Because it primarily addresses his theological writings prior to his election as pope, this reflection refers to Joseph Ratzinger fairly than Pope Benedict XVI. 

The late Cardinal Joachim Meisner, archbishop of Cologne, once described Joseph Ratzinger because the “Mozart of theology.” Others have suggested that Carl Maria von Weber or Anton Bruckner could be a greater comparison Each are emblematic of Austro-German romanticism.

Ratzinger was concerned with the connection between love and truth, affectivity in addition to objectivity, the importance of history for private formation, the historical character of revelation and the role of beauty in evangelization. History, beauty and love and the relation of all three to the formation of the human person are core Romantic movement interests and, within the type of Bruckner, Ratzinger wove together his analyses of those relationships in strongly polyphonic essays using wealthy, harmonic language. He managed to bring to the fore these neglected elements in Catholic thought without jettisoning what had come to be thought to be the classical elements. On this sense Ratzinger was the theological analogue of a musical synthesis of Mozart and von Weber or Bruckner, if such a thing were possible. For many who wanted the romantic element without the classical he was considered a dangerous reactionary, and for individuals who wanted the classical without the romantic he was seen as a dangerous liberal.
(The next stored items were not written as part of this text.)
(* Let $B=\bigoplus_{i\in\mathbb{Z}}\mathbb{Z}_2$ and $L_2=B\rtimes\langle t\rangle$ the lamplighter group, equipped with the word metric for the generating set $\{t,at\}$ (whose Cayley graph is the Diestel–Leader graph $DL(2,2)$). Let $\Psi:L_2\to L_2$ be a $(1,0)$-quasi-isometry (i.e. an isometry) that coarsely permutes the left cosets of $\langle t\rangle$, with induced permutation $\psi:B\to B$. Then $\psi$ is parallelogram preserving: for all $a,b,c,d\in B$ with $a+c=b+d$ we have $\psi(a)+\psi(c)=\psi(b)+\psi(d)$.
   Context: Elements of $L_2$ are $((x_i),k)$ with $((x_i),k)((y_i),\ell)=((x_i+y_{i-k}),k+\ell)$, $t=(0,1)$, $at=(e_0,1)$ where $e_0$ has a single $1$ at index $0$. $\Psi$ coarsely permutes the left cosets of $\langle t\rangle$ if there are a permutation $\sigma$ of these cosets and $C'\ge0$ with Hausdorff distance $d_{\mathcal H}(\Psi(g\langle t\rangle),\sigma(g\langle t\rangle))<C'$ for all $g$; identifying the coset $((x_i),k)\langle t\rangle$ with $(x_i)\in B$ gives $\psi$. *)

theory Defs
  imports "HOL-Library.Extended_Real"
begin

text \<open>The group B = direct sum over Z of Z_2, represented by finite subsets of int
  (the support of a finitely supported 0/1 sequence); addition is symmetric difference.\<close>

definition B :: "int set set" where
  "B = {X. finite X}"

definition badd :: "int set \<Rightarrow> int set \<Rightarrow> int set" where
  "badd X Y = (X - Y) \<union> (Y - X)"

definition bshift :: "int \<Rightarrow> int set \<Rightarrow> int set" where
  "bshift k Y = (\<lambda>j. j + k) ` Y"

type_synonym lamp = "int set \<times> int"

definition L2 :: "lamp set" where
  "L2 = {(X, k). finite X}"

definition lmult :: "lamp \<Rightarrow> lamp \<Rightarrow> lamp" where
  "lmult g h = (badd (fst g) (bshift (snd g) (fst h)), snd g + snd h)"

definition linv :: "lamp \<Rightarrow> lamp" where
  "linv g = (bshift (- snd g) (fst g), - snd g)"

definition gen_t :: lamp where "gen_t = ({}, 1)"
definition gen_at :: lamp where "gen_at = ({0}, 1)"

definition gens :: "lamp set" where
  "gens = {gen_t, gen_at, linv gen_t, linv gen_at}"

definition cayley_adj :: "lamp \<Rightarrow> lamp \<Rightarrow> bool" where
  "cayley_adj g h \<longleftrightarrow> g \<in> L2 \<and> (\<exists>s\<in>gens. h = lmult g s)"

definition word_dist :: "lamp \<Rightarrow> lamp \<Rightarrow> nat" where
  "word_dist g h = (LEAST n. (cayley_adj ^^ n) g h)"

definition setdist_pt :: "lamp \<Rightarrow> lamp set \<Rightarrow> ereal" where
  "setdist_pt a S = (INF b\<in>S. ereal (real (word_dist a b)))"

definition hausdist_L2 :: "lamp set \<Rightarrow> lamp set \<Rightarrow> ereal" where
  "hausdist_L2 S T = max (SUP a\<in>S. setdist_pt a T) (SUP b\<in>T. setdist_pt b S)"

text \<open>Left coset ((x_i),k)<t> = {(x, k + n) | n}, identified with x \<in> B.\<close>
definition tcoset :: "int set \<Rightarrow> lamp set" where
  "tcoset X = {(X, n) | n. True}"

end

theory Submission
  imports Defs
begin

(* The word metric of L_2 is explicit: a path from (X, k) to (Y, l) must cross each level
   between k and l once, and each other level it has to reach (to toggle a lamp of X + Y or to
   get to the far endpoint) twice; greedy paths show that this count is the distance.

   Consequently an isometric line m |-> Psi (X, m) staying within distance K of the coset
   psi(X)<t> lies in that coset: if its point at parameter n had a lamp j differing from psi(X),
   then j is near the height of that point, while the points at parameters n - N and n + N have
   heights far from j on opposite sides and agree with psi(X) at j. Both legs through the middle
   point cross level j twice, the direct path only once, so the triangle inequality is strict.

   Hence Psi (X, m) = (psi X, h_X m) with h_X an isometry of Z. The adjacent points (X, j) and
   (X + {j}, j + 1) go to adjacent points, which forces h_(X + {j}) = h_X and
   psi (X + {j}) = psi X + {g j} with g j = min (h_X j) (h_X (j + 1)). By induction
   psi X = psi {} + g(X) for an injective g, so psi is affine. *)

lemma mem_badd: "x \<in> badd X Y \<longleftrightarrow> (x \<in> X) \<noteq> (x \<in> Y)"
  by (auto simp: badd_def)

lemma finite_badd: "finite X \<Longrightarrow> finite Y \<Longrightarrow> finite (badd X Y)"
  by (simp add: badd_def)

lemma badd_left_cancel: "badd X (badd X Y) = Y"
  by (auto simp: badd_def)

lemma badd_assoc: "badd (badd X Y) Z = badd X (badd Y Z)"
  by (auto simp: badd_def)

lemma badd_badd_cancel_left: "badd (badd P X) (badd P Y) = badd X Y"
  by (auto simp: badd_def)

lemma badd_insert: "x \<notin> F \<Longrightarrow> insert x F = badd F {x}"
  by (auto simp: badd_def)

lemma image_badd: "inj f \<Longrightarrow> f ` badd X Y = badd (f ` X) (f ` Y)"
  by (simp add: badd_def image_Un image_set_diff)

lemma badd_subset_singleton_iff: "badd X X' \<subseteq> {j} \<longleftrightarrow> X' = X \<or> X' = badd X {j}"
  by (auto simp: badd_def)

section \<open>The word metric of the lamplighter group\<close>

lemma cayley_adj_iff:
  "cayley_adj (X, k) (X', k') \<longleftrightarrow>
     finite X \<and> (k' = k + 1 \<or> k' = k - 1) \<and> badd X X' \<subseteq> {min k k'}"
  by (auto simp: badd_subset_singleton_iff cayley_adj_def gens_def gen_t_def gen_at_def
      linv_def lmult_def L2_def bshift_def badd_def add.commute)

lemma cayley_adj_finite: "cayley_adj u v \<Longrightarrow> finite (fst u) \<and> finite (fst v)"
  by (cases u; cases v) (auto simp: cayley_adj_iff badd_subset_singleton_iff finite_badd)

lemma cayley_adj_distinct_lamps:
  assumes "cayley_adj (X, k) (X', k')" "X \<noteq> X'"
  shows "\<bar>k - k'\<bar> = 1 \<and> badd X X' = {min k k'}"
  using assms by (auto simp: cayley_adj_iff badd_subset_singleton_iff badd_def)

text \<open>Level \<open>j\<close> is the edge between heights \<open>j\<close> and \<open>j + 1\<close>; lamp \<open>x\<close> can only be
  toggled while crossing level \<open>x\<close>. A path from \<open>u\<close> to \<open>v\<close> crosses every \<open>crossed_level\<close>
  at least once if it lies between the heights and at least twice otherwise.\<close>

definition between_heights :: "lamp \<Rightarrow> lamp \<Rightarrow> int \<Rightarrow> bool" where
  "between_heights u v j \<longleftrightarrow> (snd u \<le> j) \<noteq> (snd v \<le> j)"

definition crossed_level :: "lamp \<Rightarrow> lamp \<Rightarrow> int \<Rightarrow> bool" where
  "crossed_level u v j \<longleftrightarrow>
     (snd u \<le> j \<or> snd v \<le> j \<or> (\<exists>x\<in>badd (fst u) (fst v). x \<le> j)) \<and>
     (j < snd u \<or> j < snd v \<or> (\<exists>x\<in>badd (fst u) (fst v). j \<le> x))"

definition level_cost :: "lamp \<Rightarrow> lamp \<Rightarrow> int \<Rightarrow> nat" where
  "level_cost u v j =
     (if between_heights u v j then 1 else if crossed_level u v j then 2 else 0)"

definition lamp_dist :: "lamp \<Rightarrow> lamp \<Rightarrow> nat" where
  "lamp_dist u v = (\<Sum>j | crossed_level u v j. level_cost u v j)"

lemma between_heights_imp_crossed_level: "between_heights u v j \<Longrightarrow> crossed_level u v j"
  by (auto simp: between_heights_def crossed_level_def)

lemma level_cost_eq_0_iff: "level_cost u v j = 0 \<longleftrightarrow> \<not> crossed_level u v j"
  using between_heights_imp_crossed_level by (auto simp: level_cost_def)

lemma level_cost_le_2: "level_cost u v j \<le> 2"
  by (simp add: level_cost_def)

lemma level_cost_self [simp]: "level_cost u u j = 0"
  by (auto simp: level_cost_def between_heights_def crossed_level_def badd_def)

lemma level_cost_commute: "level_cost u v j = level_cost v u j"
  by (auto simp: level_cost_def between_heights_def crossed_level_def badd_def)

lemma crossed_level_commute: "crossed_level u v j = crossed_level v u j"
  by (auto simp: crossed_level_def badd_def)

lemma level_cost_triangle: "level_cost u w j \<le> level_cost u v j + level_cost v w j"
  by (auto simp: level_cost_def between_heights_def crossed_level_def mem_badd)

lemma finite_crossed_levels:
  assumes "finite (fst u)" "finite (fst v)"
  shows "finite {j. crossed_level u v j}"
proof -
  define S where "S = insert (snd u) (insert (snd v) (badd (fst u) (fst v)))"
  have "finite S"
    using assms by (simp add: S_def finite_badd)
  moreover have "{j. crossed_level u v j} \<subseteq> {Min S..Max S}"
  proof
    fix j assume "j \<in> {j. crossed_level u v j}"
    then have "\<exists>x\<in>S. x \<le> j" "\<exists>x\<in>S. j \<le> x"
      by (auto simp: crossed_level_def S_def intro: less_imp_le)
    with \<open>finite S\<close> show "j \<in> {Min S..Max S}"
      by (meson Max_ge Min_le atLeastAtMost_iff order_trans)
  qed
  ultimately show ?thesis
    using finite_subset by blast
qed

lemma lamp_dist_eq_sum:
  assumes "finite (fst u)" "finite (fst v)" "finite W" "{j. crossed_level u v j} \<subseteq> W"
  shows "lamp_dist u v = (\<Sum>j\<in>W. level_cost u v j)"
  unfolding lamp_dist_def
  by (rule sum.mono_neutral_left) (use assms level_cost_eq_0_iff in auto)

lemma lamp_dist_self [simp]: "lamp_dist u u = 0"
  by (simp add: lamp_dist_def)

lemma lamp_dist_commute: "lamp_dist u v = lamp_dist v u"
  by (simp add: lamp_dist_def level_cost_commute crossed_level_commute)
definition gamma :: "nat \<Rightarrow> 'a list" where
  "gamma i = map (\<lambda>k. net_point k (x (block k i))) [0..<Suc K]"

definition charge :: "nat \<Rightarrow> nat \<Rightarrow> real" where
  "charge k t = step_charge (eta k) (card X) (d (x t) (x (Suc t)))"

lemma index_range: "{1..m-1} = {1..<m}"
  using m_pos by auto

lemma block_Suc: "block k (Suc i) = (if new_block k i then Suc i else block k i)"
  by (simp add: block_def new_block_def not_le)

lemma block_bounds: "1 \<le> block k i \<and> block k i \<le> max i 1"
  by (induction i) (auto simp: block_Suc block_def)

lemma block_close: "i \<in> {1..m} \<Longrightarrow> d (x i) (x (block k i)) \<le> eta k / 2"
  using x_in_X d_self eta_pos[of k]
  by (cases i) (auto simp: block_Suc new_block_def less_imp_le)

lemma block_in_X: "i \<in> {1..m} \<Longrightarrow> x (block k i) \<in> X"
  using block_bounds[of k i] x_in_X by auto

lemma length_gamma: "length (gamma i) = Suc K"
  by (simp add: gamma_def)

lemma nth_gamma: "k \<le> K \<Longrightarrow> gamma i ! k = net_point k (x (block k i))"
  unfolding gamma_def by (simp del: upt_Suc)

lemma dpath_gamma:
  assumes "i \<in> {1..m}"
  shows "dpath X d U (gamma i)"
  unfolding dpath_def
proof (intro conjI allI impI)
  show "length (gamma i) = Suc K" by (rule length_gamma)
  show "gamma i ! 0 \<in> U 0" using net_point(1)[of 0] block_in_X[OF assms] by (simp add: nth_gamma)
  fix k assume "k < K"
  thus "arcA X d U k (gamma i ! k) (gamma i ! Suc k)"
    using arcA_net_point[OF \<open>k < K\<close> block_in_X[OF assms] block_in_X[OF assms] x_in_X[OF assms]
        block_close[OF assms] block_close[OF assms]]
    by (simp add: nth_gamma)
qed
(* For every temporal graph with static graph $G=(V,E)$, lifetime $T_{\max}$ and every $\delta\in\mathbb N^+$, the Follow algorithm (described in the context) terminates after at most $6|E| + \lceil T_{\max}/\delta\rceil$ rounds.
   Context: A temporal graph $\mathcal G=(V,E,\lambda)$ with lifetime $T_{\max}$ consists of a finite undirected static graph $(V,E)$ and a labeling $\lambda:E\to\{1,\dots,T_{\max}\}$; edge $e$ is present only at time $\lambda(e)$. Infection model with parameter $\delta\in\mathbb N^+$: a seed $(u,t)$ makes $u$ infected at time $t$; otherwise a susceptible node $u$ becomes infected at time $t$ iff some neighbour $v$ infectious at time $t$ has $\lambda(uv)=t$ (exactly one infector recorded if several exist). A node infected at time $t$ is infectious at times $t+1,\dots,t+\delta$ and resistant afterwards. Each round, the Discoverer submits seed infections and observes an infection log (triples $(u,v,t)$: $u$ infected $v$ at time $t$). Subroutine Explore$(u,t)$: for each $t'\in\{t-\delta-1,t-1,t\}$, if no round with seed $(u,t')$ was performed, perform a round with the single seed $(u,t')$ and record it; then for each newly observed successful infection along an edge $uv$ at time $t''$, call Explore$(v,t'')$. Algorithm Follow: pick any node $v_0$; for each $i\in[0,\lceil T_{\max}/\delta\rceil]$ perform a round with single seed $(v_0,i\delta)$; for each edge $e=v_0u$ along which an infection succeeds, call Explore$(u,\lambda(e))$. *)

theory Defs
  imports Main "HOL-Library.Library"
begin

definition temporal_graph :: "'v set \<Rightarrow> 'v set set \<Rightarrow> ('v set \<Rightarrow> nat) \<Rightarrow> nat \<Rightarrow> bool" where
  "temporal_graph V E lam Tmax \<longleftrightarrow>
     finite V \<and>
     (\<forall>e\<in>E. \<exists>a b. a \<noteq> b \<and> a \<in> V \<and> b \<in> V \<and> e = {a, b}) \<and>
     (\<forall>e\<in>E. 1 \<le> lam e \<and> lam e \<le> Tmax)"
Ratzinger was concerned with the connection between love and truth, the historical character of revelation and the role of beauty in evangelization.

Augustinian at Heart

The generations ahead will form their very own judgments based on the volumes of his published works, which include over 60 books and magisterial documents spanning his quarter-century partnership with Pope John Paul II as prefect of the Congregation for the Doctrine of the Faith and his own almost eight-year papacy. They may little question regard him as one in every of the six most vital Catholic theologians of the twentieth century, together with Karl Rahner, S.J., Yves Congar, O.P., the Rev. Romano Guardini, Henri de Lubac, S.J., and the Rev. Hans Urs von Balthasar. The primary two were fellow theological experts on the Second Vatican Council, with whom he had positive collaborations (though he later distanced himself from those points of Rahner’s anthropology that derived from elements in German idealist philosophy, and in contrast to Congar, resigned from the editorial board of the theological journal Concilium because it veered away from official magisterial teaching within the Nineteen Seventies). The latter three were all, in numerous contexts, his mental heroes. De Lubac was also a fellow expert on the council. Ratzinger once wrote that it was unattainable for him to say how much he owed to de Lubac and von Balthasar.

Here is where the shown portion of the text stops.